lemma cluster_map_mms_le: "mms_le (X, d, \<mu>) (Y, e, \<nu>)"
proof -
  note X = is_mmsD[OF mX] and Y = is_mmsD[OF mY]
  have "\<phi> \<in> measurable \<nu> (mborel X d)"
    using measurable_nonexpansive[OF Y(1) X(1) cluster_map_nonexpansive Y(3,4)] .
  then have pre_sets: "\<phi> -` A \<inter> Y \<in> sets \<nu>" if "A \<in> sets \<mu>" for A
    using measurable_sets that X(4) Y(3) by fastforce
  have "measure \<mu> A \<le> measure \<nu> (\<phi> -` A \<inter> Y)" if A: "A \<in> sets \<mu>" for A
  proof (rule field_le_epsilon)
    fix \<eta> :: real assume "\<eta> > 0"
    then obtain F where F: "closedin X.mtopology F" "F \<subseteq> A" "measure \<mu> A \<le> measure \<mu> F + \<eta>"
      using closedin_inner_regular[OF X(1-4) A] by blast
    have "measure \<nu> (\<phi> -` F \<inter> Y) \<le> measure \<nu> (\<phi> -` A \<inter> Y)"
      using F(2) pre_sets[OF A] by (intro finite_measure.finite_measure_mono[OF Y(2)]) auto
    then show "measure \<mu> A \<le> measure \<nu> (\<phi> -` A \<inter> Y) + \<eta>"
      using F(3) closedin_measure_le_preimage[OF F(1)] by linarith
  qed
  then have "emeasure \<mu> A \<le> emeasure \<nu> (\<phi> -` A \<inter> Y)" if "A \<in> sets \<mu>" for A
    using that finite_measure.emeasure_eq_measure[OF X(2)] finite_measure.emeasure_eq_measure[OF Y(2)] by simp
  then show ?thesis
    using cluster_map_onto cluster_map_nonexpansive unfolding mms_le_def nonexpansive_def by auto
qed

end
————
■ What you have to do: Nothing should be left out or altered, so reproduce the whole listing.

■ Written answer:
lemma cluster_map_mms_le: "mms_le (X, d, \<mu>) (Y, e, \<nu>)"
proof -
  note X = is_mmsD[OF mX] and Y = is_mmsD[OF mY]
  have "\<phi> \<in> measurable \<nu> (mborel X d)"
    using measurable_nonexpansive[OF Y(1) X(1) cluster_map_nonexpansive Y(3,4)] .
  then have pre_sets: "\<phi> -` A \<inter> Y \<in> sets \<nu>" if "A \<in> sets \<mu>" for A
    using measurable_sets that X(4) Y(3) by fastforce
  have "measure \<mu> A \<le> measure \<nu> (\<phi> -` A \<inter> Y)" if A: "A \<in> sets \<mu>" for A
  proof (rule field_le_epsilon)
    fix \<eta> :: real assume "\<eta> > 0"
    then obtain F where F: "closedin X.mtopology F" "F \<subseteq> A" "measure \<mu> A \<le> measure \<mu> F + \<eta>"
      using closedin_inner_regular[OF X(1-4) A] by blast
    have "measure \<nu> (\<phi> -` F \<inter> Y) \<le> measure \<nu> (\<phi> -` A \<inter> Y)"
      using F(2) pre_sets[OF A] by (intro finite_measure.finite_measure_mono[OF Y(2)]) auto
    then show "measure \<mu> A \<le> measure \<nu> (\<phi> -` A \<inter> Y) + \<eta>"
      using F(3) closedin_measure_le_preimage[OF F(1)] by linarith
  qed
  then have "emeasure \<mu> A \<le> emeasure \<nu> (\<phi> -` A \<inter> Y)" if "A \<in> sets \<mu>" for A
    using that finite_measure.emeasure_eq_measure[OF X(2)] finite_measure.emeasure_eq_measure[OF Y(2)] by simp
  then show ?thesis
    using cluster_map_onto cluster_map_nonexpansive unfolding mms_le_def nonexpansive_def by auto
qed

end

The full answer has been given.